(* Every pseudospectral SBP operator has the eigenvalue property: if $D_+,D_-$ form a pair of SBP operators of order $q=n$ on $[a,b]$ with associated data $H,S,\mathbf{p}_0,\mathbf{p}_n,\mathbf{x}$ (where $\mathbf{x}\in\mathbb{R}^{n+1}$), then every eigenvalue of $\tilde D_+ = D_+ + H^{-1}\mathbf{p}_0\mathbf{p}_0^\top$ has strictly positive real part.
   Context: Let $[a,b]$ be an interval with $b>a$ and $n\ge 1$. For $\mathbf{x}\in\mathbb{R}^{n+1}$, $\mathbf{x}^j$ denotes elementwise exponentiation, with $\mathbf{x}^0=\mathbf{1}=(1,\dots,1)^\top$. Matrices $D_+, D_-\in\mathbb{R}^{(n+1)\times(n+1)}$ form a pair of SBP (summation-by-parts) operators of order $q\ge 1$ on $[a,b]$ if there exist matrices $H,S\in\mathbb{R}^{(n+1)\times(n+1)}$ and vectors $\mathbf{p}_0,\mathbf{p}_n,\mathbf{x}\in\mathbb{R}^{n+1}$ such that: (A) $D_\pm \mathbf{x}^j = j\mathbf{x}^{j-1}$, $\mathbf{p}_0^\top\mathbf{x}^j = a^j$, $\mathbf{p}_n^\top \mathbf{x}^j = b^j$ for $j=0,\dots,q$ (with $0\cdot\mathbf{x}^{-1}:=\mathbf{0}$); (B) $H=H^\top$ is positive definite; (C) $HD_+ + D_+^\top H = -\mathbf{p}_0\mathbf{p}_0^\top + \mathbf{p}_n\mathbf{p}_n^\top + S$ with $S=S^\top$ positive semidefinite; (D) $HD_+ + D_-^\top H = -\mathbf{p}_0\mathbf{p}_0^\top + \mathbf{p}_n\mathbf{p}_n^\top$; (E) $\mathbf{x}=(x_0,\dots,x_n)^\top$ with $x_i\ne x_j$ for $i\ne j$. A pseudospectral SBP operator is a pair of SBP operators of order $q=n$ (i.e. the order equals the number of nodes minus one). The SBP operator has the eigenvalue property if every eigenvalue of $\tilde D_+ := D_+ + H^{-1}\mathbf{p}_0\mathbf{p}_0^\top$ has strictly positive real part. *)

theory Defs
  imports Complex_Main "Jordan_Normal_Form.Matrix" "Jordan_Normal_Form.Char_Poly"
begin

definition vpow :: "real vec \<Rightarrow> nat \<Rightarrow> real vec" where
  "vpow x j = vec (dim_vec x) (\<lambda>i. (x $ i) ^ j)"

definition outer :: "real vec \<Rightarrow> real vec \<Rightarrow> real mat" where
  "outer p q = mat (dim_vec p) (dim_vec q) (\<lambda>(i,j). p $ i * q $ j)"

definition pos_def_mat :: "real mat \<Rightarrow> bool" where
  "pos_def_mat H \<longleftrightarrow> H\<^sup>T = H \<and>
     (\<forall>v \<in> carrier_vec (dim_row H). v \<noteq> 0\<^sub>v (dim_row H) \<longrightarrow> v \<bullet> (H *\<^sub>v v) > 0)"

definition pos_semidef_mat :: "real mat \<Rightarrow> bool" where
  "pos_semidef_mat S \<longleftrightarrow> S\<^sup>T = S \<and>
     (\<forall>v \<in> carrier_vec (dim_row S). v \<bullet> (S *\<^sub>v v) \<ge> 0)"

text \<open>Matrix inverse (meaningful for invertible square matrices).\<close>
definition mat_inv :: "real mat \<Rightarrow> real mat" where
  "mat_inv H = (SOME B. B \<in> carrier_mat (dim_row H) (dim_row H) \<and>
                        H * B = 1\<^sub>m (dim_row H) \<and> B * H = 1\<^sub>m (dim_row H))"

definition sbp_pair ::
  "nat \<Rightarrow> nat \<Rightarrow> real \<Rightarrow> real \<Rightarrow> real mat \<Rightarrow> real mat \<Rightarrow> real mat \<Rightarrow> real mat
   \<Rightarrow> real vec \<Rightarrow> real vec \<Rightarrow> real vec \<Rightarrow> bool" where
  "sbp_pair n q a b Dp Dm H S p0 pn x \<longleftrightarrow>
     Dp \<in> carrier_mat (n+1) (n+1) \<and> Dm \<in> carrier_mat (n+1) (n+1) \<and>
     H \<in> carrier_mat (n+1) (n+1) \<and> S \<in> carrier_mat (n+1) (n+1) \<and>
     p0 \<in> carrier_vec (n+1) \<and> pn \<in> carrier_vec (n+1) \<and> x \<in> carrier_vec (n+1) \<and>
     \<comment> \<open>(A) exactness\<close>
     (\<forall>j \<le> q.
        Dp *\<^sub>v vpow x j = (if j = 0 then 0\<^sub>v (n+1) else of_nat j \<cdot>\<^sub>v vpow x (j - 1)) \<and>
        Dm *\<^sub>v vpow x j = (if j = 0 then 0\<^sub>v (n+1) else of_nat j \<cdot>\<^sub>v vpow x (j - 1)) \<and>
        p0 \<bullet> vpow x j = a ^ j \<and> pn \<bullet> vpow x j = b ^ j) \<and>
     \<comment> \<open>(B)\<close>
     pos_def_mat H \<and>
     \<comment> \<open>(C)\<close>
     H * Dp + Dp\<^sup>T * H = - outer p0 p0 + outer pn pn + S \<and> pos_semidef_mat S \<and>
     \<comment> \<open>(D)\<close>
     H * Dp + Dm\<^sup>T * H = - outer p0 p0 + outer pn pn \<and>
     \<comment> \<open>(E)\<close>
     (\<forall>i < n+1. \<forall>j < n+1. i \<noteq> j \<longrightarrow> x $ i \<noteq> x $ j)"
──────────────────────────────
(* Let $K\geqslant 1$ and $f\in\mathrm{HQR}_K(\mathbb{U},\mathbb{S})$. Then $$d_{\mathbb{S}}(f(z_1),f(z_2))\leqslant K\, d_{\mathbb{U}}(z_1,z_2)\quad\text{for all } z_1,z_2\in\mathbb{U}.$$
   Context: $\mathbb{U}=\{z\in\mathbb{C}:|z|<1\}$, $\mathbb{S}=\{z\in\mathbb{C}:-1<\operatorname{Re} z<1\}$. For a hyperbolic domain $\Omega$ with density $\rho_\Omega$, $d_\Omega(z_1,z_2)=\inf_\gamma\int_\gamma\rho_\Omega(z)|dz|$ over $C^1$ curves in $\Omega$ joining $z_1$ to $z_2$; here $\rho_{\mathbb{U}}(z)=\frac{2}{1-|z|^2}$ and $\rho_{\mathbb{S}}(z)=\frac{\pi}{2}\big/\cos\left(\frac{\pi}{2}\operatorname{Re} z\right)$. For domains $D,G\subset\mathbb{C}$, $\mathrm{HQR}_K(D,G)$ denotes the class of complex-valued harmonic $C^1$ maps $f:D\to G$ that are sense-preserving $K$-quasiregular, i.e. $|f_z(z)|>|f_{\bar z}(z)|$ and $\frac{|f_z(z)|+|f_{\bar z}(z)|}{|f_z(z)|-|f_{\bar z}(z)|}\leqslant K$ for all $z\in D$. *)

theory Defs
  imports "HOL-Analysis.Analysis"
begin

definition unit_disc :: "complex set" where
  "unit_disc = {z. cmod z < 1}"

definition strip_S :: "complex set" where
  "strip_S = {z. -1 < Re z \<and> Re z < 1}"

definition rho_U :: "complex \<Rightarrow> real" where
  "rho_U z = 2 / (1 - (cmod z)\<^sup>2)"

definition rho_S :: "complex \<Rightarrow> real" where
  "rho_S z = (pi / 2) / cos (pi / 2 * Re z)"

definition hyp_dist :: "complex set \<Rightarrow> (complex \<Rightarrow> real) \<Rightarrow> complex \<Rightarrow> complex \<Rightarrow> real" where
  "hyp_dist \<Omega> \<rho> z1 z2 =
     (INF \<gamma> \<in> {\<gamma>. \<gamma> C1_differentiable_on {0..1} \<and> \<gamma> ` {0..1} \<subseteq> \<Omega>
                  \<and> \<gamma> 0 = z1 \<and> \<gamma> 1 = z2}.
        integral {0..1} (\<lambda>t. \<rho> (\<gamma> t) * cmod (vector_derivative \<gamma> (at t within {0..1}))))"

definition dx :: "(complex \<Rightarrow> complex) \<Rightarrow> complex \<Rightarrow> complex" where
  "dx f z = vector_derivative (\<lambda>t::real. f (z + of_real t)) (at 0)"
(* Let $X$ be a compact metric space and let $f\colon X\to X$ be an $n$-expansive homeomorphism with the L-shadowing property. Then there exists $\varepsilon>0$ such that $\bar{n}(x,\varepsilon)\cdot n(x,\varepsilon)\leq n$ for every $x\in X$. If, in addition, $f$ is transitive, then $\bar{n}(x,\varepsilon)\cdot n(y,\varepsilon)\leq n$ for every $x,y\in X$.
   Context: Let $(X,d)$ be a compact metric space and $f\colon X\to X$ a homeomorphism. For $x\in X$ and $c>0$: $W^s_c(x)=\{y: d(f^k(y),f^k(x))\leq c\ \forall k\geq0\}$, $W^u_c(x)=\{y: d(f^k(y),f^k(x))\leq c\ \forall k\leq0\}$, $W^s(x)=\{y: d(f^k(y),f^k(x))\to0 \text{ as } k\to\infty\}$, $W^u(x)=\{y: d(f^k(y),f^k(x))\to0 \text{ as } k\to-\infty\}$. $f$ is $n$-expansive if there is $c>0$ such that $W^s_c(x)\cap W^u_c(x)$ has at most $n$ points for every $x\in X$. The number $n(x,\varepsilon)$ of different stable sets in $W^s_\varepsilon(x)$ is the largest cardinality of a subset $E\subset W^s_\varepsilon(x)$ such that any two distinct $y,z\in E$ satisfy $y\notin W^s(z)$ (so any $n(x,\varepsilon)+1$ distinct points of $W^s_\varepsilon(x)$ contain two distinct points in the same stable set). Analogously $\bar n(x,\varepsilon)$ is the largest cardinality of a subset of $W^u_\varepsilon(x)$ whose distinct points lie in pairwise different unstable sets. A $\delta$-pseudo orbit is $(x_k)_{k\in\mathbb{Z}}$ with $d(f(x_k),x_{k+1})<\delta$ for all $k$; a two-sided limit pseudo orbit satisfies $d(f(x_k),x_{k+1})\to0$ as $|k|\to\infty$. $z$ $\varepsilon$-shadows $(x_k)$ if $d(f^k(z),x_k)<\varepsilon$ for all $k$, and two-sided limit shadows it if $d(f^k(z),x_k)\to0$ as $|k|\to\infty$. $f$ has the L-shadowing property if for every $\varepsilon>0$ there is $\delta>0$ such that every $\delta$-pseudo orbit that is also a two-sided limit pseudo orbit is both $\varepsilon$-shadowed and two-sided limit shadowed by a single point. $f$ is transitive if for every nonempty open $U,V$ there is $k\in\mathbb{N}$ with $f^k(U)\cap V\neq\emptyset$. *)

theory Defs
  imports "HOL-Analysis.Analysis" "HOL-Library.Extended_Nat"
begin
──────────────────────────────
• _TASK DETAILS_: Using the listing above, gather each line that holds the string "noteq" and copy it.

• _OUTPUT BELOW_:
     (\<forall>v \<in> carrier_vec (dim_row H). v \<noteq> 0\<^sub>v (dim_row H) \<longrightarrow> v \<bullet> (H *\<^sub>v v) > 0)"
     (\<forall>i < n+1. \<forall>j < n+1. i \<noteq> j \<longrightarrow> x $ i \<noteq> x $ j)"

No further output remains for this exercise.